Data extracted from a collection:

text \<open>Off this event every ball carries a point of
radius \<open>\<ge> r0\<close>, and the times of these points sum to at most \<open>K + card I\<close>.\<close>

definition slow_event :: "'i set \<Rightarrow> ('i \<Rightarrow> 'a) \<Rightarrow> nat \<Rightarrow> 'w set" where
  "slow_event I w K = (\<Union>l\<in>{l \<in> I \<rightarrow>\<^sub>E {0..K}. K \<le> sum l I}.
     {\<omega> \<in> space M. card (chi \<omega> \<inter> cyl_union I w l) = 0})"

definition \<theta> :: real where
  "\<theta> = measure lborel (cball (0::'a) \<rho>) * measure \<mu> {r0..}"

lemma prob_space_M: "prob_space M"
  using ppp unfolding poisson_point_process_def by blast

lemma theta_pos: "\<theta> > 0"
proof -
  interpret prob_space \<mu> by (rule mu_prob)
  have "measure \<mu> {r0..} > 0"
    using radius_mass_pos by (simp add: emeasure_eq_measure)
  moreover have "measure lborel (cball (0::'a) \<rho>) > 0"
    using rho_pos by (simp add: measure_def emeasure_cball)
  ultimately show ?thesis unfolding \<theta>_def by simp
qed

lemma cyl_in_sets: "cyl w t \<in> sets (fpp_intensity \<mu>)"
  unfolding cyl_def fpp_intensity_def using mu_sets
  by (intro pair_measureI) (auto simp: sets_restrict_space_iff)

lemma emeasure_cyl:
  assumes "t \<ge> 0"
  shows "emeasure (fpp_intensity \<mu>) (cyl w t) = ennreal (\<theta> * t)"
proof -
  interpret prob_space \<mu> by (rule mu_prob)
  let ?L = "restrict_space lborel {0::real..}"
  have "sigma_finite_measure ?L"
    by (intro sigma_finite_measure_restrict_space) (auto simp: lborel.sigma_finite_measure_axioms)
  then have "sigma_finite_measure (?L \<Otimes>\<^sub>M \<mu>)"
    using prob_space_imp_sigma_finite[OF mu_prob] by (intro sigma_finite_pair_measure)
  moreover have "{0..<t} \<in> sets ?L" "{r0..} \<in> sets \<mu>"
    using mu_sets by (auto simp: sets_restrict_space_iff)
  ultimately have "emeasure (fpp_intensity \<mu>) (cyl w t) =
      emeasure lborel (cball w \<rho>) * (emeasure ?L {0..<t} * emeasure \<mu> {r0..})"
    unfolding fpp_intensity_def cyl_def
    by (simp add: sigma_finite_measure.emeasure_pair_measure_Times emeasure_pair_measure_Times)
  also have "emeasure lborel (cball w \<rho>) = ennreal (measure lborel (cball (0::'a) \<rho>))"
    using rho_pos by (simp add: emeasure_cball measure_def)
  also have "emeasure ?L {0..<t} = ennreal t"
    using assms by (subst emeasure_restrict_space) auto
  also have "emeasure \<mu> {r0..} = ennreal (measure \<mu> {r0..})"
    by (rule emeasure_eq_measure)
  finally show ?thesis
    using assms by (simp add: \<theta>_def ennreal_mult'[symmetric] mult_ac)
qed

◆ WHAT NEEDS TO BE DONE: Exactly as they appear above, copy out all the records.

◆ WRITTEN RESPONSE:
text \<open>Off this event every ball carries a point of
radius \<open>\<ge> r0\<close>, and the times of these points sum to at most \<open>K + card I\<close>.\<close>

definition slow_event :: "'i set \<Rightarrow> ('i \<Rightarrow> 'a) \<Rightarrow> nat \<Rightarrow> 'w set" where
  "slow_event I w K = (\<Union>l\<in>{l \<in> I \<rightarrow>\<^sub>E {0..K}. K \<le> sum l I}.
     {\<omega> \<in> space M. card (chi \<omega> \<inter> cyl_union I w l) = 0})"

definition \<theta> :: real where
  "\<theta> = measure lborel (cball (0::'a) \<rho>) * measure \<mu> {r0..}"

lemma prob_space_M: "prob_space M"
  using ppp unfolding poisson_point_process_def by blast

lemma theta_pos: "\<theta> > 0"
proof -
  interpret prob_space \<mu> by (rule mu_prob)
  have "measure \<mu> {r0..} > 0"
    using radius_mass_pos by (simp add: emeasure_eq_measure)
  moreover have "measure lborel (cball (0::'a) \<rho>) > 0"
    using rho_pos by (simp add: measure_def emeasure_cball)
  ultimately show ?thesis unfolding \<theta>_def by simp
qed

lemma cyl_in_sets: "cyl w t \<in> sets (fpp_intensity \<mu>)"
  unfolding cyl_def fpp_intensity_def using mu_sets
  by (intro pair_measureI) (auto simp: sets_restrict_space_iff)

lemma emeasure_cyl:
  assumes "t \<ge> 0"
  shows "emeasure (fpp_intensity \<mu>) (cyl w t) = ennreal (\<theta> * t)"
proof -
  interpret prob_space \<mu> by (rule mu_prob)
  let ?L = "restrict_space lborel {0::real..}"
  have "sigma_finite_measure ?L"
    by (intro sigma_finite_measure_restrict_space) (auto simp: lborel.sigma_finite_measure_axioms)
  then have "sigma_finite_measure (?L \<Otimes>\<^sub>M \<mu>)"
    using prob_space_imp_sigma_finite[OF mu_prob] by (intro sigma_finite_pair_measure)
  moreover have "{0..<t} \<in> sets ?L" "{r0..} \<in> sets \<mu>"
    using mu_sets by (auto simp: sets_restrict_space_iff)
  ultimately have "emeasure (fpp_intensity \<mu>) (cyl w t) =
      emeasure lborel (cball w \<rho>) * (emeasure ?L {0..<t} * emeasure \<mu> {r0..})"
    unfolding fpp_intensity_def cyl_def
    by (simp add: sigma_finite_measure.emeasure_pair_measure_Times emeasure_pair_measure_Times)
  also have "emeasure lborel (cball w \<rho>) = ennreal (measure lborel (cball (0::'a) \<rho>))"
    using rho_pos by (simp add: emeasure_cball measure_def)
  also have "emeasure ?L {0..<t} = ennreal t"
    using assms by (subst emeasure_restrict_space) auto
  also have "emeasure \<mu> {r0..} = ennreal (measure \<mu> {r0..})"
    by (rule emeasure_eq_measure)
  finally show ?thesis
    using assms by (simp add: \<theta>_def ennreal_mult'[symmetric] mult_ac)
qed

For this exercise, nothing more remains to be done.